#### Task goal:
Check each line of the entries below for the word "bullet", and copy the lines that have it.

(Collected data)
____________

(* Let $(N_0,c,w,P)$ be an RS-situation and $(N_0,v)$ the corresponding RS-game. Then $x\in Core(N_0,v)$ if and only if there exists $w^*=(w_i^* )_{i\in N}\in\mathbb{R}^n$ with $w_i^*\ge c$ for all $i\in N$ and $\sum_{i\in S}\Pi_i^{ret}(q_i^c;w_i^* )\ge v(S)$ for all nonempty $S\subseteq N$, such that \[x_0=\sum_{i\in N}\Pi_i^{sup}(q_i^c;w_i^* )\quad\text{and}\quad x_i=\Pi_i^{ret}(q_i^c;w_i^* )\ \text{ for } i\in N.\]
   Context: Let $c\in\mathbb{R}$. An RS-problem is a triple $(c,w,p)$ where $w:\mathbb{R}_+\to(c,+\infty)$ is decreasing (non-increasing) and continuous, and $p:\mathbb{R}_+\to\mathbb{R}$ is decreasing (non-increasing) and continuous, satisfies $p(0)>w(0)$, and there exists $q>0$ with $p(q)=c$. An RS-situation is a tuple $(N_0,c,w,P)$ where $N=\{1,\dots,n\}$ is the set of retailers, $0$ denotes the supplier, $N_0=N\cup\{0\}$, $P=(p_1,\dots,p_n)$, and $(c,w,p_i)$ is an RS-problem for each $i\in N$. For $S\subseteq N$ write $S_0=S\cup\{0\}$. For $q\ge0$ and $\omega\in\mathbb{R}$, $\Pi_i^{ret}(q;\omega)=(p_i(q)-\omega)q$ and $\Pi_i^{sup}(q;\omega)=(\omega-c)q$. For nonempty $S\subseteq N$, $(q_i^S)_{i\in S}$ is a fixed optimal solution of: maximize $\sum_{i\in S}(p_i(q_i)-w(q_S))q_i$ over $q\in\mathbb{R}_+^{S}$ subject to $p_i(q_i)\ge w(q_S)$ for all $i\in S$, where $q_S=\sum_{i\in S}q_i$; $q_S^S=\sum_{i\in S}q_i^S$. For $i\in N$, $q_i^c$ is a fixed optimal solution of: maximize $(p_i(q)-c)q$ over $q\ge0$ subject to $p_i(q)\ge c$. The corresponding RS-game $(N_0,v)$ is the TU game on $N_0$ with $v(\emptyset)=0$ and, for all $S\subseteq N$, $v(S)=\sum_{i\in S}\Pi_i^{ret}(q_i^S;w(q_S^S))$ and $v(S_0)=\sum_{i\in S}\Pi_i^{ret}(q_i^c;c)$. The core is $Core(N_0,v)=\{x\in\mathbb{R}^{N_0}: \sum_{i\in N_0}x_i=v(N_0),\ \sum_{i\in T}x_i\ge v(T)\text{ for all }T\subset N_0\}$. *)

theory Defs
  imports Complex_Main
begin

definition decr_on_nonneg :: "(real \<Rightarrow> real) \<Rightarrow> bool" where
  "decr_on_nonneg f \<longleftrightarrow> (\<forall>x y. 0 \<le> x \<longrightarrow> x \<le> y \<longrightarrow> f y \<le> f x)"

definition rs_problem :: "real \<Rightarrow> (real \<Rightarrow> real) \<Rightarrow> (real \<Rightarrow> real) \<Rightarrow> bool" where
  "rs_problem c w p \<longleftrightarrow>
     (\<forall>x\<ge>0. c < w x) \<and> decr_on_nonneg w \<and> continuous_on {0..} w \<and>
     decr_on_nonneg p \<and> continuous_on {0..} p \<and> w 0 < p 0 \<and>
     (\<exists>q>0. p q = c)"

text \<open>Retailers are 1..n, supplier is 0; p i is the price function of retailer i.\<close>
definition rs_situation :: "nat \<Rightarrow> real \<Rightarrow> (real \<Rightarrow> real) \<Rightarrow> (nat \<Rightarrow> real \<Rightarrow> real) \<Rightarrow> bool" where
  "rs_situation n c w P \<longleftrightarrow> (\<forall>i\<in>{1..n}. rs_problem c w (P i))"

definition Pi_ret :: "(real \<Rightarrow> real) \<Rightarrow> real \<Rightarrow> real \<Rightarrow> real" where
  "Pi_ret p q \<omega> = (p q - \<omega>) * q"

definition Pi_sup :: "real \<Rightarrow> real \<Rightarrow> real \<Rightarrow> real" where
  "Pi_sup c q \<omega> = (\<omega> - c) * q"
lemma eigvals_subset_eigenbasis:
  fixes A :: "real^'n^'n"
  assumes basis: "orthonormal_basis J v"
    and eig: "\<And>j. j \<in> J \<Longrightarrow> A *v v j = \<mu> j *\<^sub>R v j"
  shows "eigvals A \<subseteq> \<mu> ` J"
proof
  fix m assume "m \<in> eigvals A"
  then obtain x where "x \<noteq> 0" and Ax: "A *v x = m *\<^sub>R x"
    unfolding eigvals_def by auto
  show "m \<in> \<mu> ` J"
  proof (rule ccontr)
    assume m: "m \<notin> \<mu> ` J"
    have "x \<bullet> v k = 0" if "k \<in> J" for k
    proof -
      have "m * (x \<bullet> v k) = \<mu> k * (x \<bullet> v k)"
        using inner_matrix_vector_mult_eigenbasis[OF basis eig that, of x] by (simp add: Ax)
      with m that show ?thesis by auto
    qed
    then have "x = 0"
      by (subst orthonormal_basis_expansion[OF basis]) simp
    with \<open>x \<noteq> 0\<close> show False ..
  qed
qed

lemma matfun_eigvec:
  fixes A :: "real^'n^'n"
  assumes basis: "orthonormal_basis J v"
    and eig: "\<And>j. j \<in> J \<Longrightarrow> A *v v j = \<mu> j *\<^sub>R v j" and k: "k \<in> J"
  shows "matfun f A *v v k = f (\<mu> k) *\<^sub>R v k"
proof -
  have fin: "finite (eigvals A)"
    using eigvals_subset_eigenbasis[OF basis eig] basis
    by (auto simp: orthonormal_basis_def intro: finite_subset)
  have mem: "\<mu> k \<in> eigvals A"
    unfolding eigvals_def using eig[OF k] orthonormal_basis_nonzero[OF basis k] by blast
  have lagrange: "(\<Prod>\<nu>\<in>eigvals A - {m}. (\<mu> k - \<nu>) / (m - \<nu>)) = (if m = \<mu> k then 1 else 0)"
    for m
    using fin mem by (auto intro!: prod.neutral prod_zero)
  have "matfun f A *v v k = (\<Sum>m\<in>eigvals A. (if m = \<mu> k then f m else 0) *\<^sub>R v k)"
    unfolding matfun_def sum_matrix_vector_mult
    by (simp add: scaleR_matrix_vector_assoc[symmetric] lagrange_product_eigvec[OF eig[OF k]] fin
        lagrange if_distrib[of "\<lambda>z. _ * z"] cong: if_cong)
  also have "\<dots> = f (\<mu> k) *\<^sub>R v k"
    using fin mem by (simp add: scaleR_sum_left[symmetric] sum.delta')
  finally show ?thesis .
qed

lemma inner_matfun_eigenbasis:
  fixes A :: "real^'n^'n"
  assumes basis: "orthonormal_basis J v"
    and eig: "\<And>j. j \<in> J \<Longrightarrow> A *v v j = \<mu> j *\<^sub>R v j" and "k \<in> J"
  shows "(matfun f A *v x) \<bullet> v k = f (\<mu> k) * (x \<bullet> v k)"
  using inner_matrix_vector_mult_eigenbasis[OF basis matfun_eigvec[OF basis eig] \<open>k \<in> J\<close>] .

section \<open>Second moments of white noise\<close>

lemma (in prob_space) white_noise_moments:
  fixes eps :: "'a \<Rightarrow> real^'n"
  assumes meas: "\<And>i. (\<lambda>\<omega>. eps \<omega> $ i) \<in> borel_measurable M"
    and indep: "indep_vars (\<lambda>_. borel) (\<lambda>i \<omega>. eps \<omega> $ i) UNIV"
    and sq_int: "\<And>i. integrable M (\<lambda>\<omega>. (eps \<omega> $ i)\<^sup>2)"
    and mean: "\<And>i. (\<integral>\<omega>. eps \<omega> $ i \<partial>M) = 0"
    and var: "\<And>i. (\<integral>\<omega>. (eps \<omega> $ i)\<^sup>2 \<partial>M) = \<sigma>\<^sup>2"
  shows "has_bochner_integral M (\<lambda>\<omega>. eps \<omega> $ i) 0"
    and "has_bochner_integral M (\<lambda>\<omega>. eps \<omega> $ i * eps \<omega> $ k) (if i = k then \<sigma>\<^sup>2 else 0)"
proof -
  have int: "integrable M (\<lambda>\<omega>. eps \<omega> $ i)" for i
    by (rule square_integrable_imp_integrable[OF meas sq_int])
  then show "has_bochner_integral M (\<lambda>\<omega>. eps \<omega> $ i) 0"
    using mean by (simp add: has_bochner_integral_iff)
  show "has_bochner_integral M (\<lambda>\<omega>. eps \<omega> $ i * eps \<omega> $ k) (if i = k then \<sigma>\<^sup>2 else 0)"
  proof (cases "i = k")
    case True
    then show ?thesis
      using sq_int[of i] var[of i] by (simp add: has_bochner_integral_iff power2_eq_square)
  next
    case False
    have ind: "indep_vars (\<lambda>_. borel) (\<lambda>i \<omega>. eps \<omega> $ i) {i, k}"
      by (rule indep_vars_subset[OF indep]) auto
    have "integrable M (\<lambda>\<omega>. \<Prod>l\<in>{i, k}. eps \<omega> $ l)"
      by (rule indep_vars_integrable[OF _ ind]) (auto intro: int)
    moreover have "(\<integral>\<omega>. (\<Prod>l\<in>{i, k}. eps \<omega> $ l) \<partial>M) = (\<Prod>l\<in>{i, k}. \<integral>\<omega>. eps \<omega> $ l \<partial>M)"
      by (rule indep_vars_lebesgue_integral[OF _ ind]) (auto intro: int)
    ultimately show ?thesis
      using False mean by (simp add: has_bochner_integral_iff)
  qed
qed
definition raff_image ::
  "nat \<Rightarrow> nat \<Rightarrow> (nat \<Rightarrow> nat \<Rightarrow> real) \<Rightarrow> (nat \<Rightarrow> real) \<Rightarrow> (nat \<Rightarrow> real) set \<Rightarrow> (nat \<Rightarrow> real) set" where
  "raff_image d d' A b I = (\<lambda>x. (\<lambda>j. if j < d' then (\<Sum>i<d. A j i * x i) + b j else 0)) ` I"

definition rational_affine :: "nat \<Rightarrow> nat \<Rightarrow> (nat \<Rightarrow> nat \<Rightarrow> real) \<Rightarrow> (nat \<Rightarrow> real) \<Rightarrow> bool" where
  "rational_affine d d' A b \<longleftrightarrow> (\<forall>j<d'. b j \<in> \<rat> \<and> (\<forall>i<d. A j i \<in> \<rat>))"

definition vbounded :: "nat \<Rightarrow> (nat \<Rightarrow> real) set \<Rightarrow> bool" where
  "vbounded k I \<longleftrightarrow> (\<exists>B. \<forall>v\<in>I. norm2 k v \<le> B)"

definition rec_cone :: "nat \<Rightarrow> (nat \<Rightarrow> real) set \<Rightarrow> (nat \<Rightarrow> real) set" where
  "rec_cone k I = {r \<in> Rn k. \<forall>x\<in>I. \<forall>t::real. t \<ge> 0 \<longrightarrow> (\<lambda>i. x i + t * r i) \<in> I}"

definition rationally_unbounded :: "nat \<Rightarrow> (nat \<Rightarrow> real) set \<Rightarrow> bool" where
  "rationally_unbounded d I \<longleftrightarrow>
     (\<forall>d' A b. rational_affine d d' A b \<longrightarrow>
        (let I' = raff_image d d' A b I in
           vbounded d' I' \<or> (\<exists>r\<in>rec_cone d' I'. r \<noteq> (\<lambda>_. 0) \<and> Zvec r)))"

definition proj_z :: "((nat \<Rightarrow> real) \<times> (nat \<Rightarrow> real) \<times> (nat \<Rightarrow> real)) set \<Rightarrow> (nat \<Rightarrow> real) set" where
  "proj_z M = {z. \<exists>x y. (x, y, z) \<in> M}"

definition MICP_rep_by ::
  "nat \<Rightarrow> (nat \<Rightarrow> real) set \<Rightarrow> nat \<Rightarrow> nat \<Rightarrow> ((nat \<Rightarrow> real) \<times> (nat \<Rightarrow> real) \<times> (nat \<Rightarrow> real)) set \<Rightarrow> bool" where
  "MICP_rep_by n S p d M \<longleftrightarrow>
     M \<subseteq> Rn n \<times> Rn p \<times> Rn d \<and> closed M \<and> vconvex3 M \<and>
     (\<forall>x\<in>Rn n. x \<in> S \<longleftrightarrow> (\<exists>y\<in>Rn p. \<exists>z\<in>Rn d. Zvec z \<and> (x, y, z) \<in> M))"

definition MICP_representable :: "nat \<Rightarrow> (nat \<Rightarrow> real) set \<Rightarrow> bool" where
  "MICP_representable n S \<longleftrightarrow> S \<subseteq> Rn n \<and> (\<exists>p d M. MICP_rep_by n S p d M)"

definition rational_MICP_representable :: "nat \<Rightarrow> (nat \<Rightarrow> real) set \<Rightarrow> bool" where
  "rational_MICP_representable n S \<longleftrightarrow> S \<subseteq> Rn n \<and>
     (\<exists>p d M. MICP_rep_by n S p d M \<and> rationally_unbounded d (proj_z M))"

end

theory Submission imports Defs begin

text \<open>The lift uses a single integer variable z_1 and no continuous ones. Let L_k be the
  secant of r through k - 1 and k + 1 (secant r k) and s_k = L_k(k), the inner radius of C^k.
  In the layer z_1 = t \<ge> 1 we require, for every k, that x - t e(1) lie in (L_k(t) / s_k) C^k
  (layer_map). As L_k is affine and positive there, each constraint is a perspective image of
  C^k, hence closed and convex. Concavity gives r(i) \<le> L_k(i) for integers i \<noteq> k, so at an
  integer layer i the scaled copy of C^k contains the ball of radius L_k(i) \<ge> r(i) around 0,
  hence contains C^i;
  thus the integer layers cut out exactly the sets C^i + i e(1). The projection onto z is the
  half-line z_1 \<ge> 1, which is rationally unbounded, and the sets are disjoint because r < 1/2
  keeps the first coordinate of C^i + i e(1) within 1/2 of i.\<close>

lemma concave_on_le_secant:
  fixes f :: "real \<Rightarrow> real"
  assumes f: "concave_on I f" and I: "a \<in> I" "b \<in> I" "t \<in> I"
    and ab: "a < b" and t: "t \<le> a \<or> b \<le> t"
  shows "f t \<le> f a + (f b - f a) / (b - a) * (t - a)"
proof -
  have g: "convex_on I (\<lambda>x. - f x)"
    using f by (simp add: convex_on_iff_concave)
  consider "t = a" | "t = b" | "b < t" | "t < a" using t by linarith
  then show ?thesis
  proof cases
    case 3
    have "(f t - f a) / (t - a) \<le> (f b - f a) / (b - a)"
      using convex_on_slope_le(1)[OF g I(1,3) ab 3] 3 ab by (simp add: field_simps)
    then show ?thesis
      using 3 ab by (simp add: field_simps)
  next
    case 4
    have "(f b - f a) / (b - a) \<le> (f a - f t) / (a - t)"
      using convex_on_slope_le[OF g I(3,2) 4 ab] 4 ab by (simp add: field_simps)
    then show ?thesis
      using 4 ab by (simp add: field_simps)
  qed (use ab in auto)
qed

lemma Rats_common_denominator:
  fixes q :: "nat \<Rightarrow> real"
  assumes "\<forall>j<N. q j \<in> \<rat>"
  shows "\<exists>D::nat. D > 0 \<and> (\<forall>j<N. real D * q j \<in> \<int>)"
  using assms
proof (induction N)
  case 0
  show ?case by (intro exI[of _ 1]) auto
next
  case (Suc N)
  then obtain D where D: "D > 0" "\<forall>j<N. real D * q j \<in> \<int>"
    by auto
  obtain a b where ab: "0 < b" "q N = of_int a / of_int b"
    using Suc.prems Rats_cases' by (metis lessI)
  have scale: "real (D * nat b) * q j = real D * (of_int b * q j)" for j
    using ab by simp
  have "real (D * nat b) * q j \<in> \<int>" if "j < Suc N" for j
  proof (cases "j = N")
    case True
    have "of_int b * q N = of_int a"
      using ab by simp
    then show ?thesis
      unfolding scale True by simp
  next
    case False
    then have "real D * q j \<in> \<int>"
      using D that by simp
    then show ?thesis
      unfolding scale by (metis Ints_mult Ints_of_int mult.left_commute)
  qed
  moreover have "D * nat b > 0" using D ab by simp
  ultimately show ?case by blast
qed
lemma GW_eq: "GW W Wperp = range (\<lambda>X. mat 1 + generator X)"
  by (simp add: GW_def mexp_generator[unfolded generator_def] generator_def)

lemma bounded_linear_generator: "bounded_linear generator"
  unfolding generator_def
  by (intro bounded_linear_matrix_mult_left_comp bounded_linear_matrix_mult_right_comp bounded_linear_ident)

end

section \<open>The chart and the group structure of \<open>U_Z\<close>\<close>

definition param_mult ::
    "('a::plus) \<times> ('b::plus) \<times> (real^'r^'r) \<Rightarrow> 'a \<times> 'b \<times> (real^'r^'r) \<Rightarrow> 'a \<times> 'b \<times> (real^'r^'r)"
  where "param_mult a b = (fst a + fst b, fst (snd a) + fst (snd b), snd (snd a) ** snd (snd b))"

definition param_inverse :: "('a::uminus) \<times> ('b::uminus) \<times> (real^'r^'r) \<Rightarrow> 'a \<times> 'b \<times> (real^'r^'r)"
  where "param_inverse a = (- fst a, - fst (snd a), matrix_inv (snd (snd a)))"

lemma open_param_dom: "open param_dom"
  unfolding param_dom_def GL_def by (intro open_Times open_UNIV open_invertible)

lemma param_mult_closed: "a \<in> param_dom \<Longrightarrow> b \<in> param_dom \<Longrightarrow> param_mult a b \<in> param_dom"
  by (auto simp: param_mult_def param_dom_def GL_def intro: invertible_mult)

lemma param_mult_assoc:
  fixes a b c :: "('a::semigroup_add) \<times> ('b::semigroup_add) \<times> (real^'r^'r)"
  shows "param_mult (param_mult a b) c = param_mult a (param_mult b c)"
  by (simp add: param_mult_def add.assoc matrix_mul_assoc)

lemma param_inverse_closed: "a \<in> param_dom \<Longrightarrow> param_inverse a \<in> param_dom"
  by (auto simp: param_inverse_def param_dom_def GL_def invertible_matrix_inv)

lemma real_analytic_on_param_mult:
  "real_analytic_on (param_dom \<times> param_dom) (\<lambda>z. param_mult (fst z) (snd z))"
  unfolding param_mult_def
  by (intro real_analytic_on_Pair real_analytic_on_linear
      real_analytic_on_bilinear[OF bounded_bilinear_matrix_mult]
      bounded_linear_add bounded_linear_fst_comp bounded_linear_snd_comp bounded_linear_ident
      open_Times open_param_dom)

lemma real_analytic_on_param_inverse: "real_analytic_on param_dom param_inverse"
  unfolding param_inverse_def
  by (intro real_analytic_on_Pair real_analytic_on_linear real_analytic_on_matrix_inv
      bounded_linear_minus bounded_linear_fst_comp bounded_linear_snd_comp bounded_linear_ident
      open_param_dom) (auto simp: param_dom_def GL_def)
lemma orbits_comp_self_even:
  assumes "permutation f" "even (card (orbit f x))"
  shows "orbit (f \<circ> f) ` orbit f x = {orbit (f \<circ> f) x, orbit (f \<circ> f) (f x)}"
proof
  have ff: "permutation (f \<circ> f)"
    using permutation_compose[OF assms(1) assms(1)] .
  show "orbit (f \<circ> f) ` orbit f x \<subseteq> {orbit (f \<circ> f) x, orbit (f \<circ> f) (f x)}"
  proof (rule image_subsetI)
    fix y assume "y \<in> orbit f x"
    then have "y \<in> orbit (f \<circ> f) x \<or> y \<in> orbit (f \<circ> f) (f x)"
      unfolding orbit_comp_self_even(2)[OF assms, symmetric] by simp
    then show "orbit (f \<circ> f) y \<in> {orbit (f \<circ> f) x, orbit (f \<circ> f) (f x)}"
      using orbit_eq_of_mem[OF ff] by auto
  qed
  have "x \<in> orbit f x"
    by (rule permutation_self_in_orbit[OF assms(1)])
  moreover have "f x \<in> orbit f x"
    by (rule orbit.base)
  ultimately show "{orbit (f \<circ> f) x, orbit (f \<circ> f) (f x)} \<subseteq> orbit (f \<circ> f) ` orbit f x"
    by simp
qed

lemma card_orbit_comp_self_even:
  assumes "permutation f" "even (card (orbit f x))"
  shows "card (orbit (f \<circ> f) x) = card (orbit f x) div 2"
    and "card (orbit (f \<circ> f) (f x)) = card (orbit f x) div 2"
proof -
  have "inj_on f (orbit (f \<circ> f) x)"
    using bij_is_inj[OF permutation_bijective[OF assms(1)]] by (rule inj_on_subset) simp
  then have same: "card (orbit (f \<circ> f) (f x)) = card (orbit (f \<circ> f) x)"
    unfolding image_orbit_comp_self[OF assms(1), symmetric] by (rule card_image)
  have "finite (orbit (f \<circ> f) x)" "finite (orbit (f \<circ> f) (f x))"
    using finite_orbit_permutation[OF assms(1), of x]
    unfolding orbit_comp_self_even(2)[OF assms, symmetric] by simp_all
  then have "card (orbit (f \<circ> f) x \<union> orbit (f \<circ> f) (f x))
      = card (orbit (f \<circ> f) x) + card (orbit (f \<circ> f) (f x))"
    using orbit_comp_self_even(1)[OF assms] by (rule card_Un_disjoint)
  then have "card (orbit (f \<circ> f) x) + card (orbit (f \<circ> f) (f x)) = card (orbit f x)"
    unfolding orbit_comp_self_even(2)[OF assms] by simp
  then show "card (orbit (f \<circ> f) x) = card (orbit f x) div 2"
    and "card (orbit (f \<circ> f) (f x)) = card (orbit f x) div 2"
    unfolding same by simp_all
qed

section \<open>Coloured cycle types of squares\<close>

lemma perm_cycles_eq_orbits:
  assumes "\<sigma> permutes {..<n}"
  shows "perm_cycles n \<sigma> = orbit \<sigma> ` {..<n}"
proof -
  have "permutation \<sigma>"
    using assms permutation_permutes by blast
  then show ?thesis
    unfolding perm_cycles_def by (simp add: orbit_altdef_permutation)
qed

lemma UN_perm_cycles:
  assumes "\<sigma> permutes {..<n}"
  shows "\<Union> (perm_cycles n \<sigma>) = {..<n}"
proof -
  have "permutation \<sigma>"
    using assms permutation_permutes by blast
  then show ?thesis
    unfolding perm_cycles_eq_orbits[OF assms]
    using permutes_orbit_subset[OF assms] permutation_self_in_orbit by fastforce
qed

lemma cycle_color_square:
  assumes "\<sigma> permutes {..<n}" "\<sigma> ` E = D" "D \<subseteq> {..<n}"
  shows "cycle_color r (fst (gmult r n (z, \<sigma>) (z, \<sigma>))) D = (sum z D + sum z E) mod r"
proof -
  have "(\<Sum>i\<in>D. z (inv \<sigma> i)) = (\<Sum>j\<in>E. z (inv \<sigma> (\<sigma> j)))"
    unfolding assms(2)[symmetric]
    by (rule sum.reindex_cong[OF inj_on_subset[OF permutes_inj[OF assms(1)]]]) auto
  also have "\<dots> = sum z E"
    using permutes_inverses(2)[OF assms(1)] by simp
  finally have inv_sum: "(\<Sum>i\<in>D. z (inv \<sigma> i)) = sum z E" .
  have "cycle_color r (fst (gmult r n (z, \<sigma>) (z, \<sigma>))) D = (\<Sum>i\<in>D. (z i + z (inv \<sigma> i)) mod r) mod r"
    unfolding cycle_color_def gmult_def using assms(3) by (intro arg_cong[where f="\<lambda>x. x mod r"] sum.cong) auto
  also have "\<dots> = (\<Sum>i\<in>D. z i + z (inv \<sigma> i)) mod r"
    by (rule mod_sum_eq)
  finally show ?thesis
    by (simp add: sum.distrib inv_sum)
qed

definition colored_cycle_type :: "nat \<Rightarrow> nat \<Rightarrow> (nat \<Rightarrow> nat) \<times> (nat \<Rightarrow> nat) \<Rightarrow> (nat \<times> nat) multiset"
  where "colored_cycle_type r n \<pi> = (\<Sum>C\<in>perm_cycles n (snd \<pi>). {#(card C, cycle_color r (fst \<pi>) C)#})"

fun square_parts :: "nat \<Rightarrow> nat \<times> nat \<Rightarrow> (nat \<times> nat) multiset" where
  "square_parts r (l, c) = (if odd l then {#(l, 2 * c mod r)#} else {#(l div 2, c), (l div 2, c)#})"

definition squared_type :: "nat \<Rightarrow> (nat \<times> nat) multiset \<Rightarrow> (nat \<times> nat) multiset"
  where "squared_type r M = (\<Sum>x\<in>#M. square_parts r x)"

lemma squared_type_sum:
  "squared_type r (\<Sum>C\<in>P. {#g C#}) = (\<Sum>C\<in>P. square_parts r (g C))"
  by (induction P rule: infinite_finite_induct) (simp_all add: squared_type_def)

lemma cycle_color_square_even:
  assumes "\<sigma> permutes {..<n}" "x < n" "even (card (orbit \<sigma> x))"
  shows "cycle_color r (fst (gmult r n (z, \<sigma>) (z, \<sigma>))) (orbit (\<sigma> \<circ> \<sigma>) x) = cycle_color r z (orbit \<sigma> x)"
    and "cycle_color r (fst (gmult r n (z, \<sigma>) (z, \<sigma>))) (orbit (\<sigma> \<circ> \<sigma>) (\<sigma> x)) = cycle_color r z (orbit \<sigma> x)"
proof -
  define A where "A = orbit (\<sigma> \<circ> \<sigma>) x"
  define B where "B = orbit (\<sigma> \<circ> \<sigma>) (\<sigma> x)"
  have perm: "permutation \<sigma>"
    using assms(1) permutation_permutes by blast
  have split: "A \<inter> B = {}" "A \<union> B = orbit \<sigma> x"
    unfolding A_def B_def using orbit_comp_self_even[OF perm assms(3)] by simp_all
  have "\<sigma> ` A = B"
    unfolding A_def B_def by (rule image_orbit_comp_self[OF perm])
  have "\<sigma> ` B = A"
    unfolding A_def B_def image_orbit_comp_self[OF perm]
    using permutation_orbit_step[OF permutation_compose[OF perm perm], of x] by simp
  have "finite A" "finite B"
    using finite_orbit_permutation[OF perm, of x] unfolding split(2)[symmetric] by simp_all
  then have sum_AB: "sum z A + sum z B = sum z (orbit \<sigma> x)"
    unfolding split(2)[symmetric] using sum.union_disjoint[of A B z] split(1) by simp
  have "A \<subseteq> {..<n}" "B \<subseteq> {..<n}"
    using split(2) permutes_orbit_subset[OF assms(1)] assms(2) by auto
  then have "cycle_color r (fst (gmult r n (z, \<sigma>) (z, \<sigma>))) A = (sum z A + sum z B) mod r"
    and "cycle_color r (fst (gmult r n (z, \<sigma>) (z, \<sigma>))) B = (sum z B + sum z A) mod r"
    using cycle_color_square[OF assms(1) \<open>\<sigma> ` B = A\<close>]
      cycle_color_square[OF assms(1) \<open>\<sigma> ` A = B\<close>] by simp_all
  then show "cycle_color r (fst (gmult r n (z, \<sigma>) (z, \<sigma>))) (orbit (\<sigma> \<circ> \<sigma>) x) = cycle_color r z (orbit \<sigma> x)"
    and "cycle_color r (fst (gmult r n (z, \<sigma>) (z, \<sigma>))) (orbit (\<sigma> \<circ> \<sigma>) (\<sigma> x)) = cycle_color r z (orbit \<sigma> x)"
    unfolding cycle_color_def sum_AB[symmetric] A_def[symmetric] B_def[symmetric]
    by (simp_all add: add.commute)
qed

____________

#### Answer space:
    have "x \<bullet> v k = 0" if "k \<in> J" for k
      have "m * (x \<bullet> v k) = \<mu> k * (x \<bullet> v k)"
  shows "(matfun f A *v x) \<bullet> v k = f (\<mu> k) * (x \<bullet> v k)"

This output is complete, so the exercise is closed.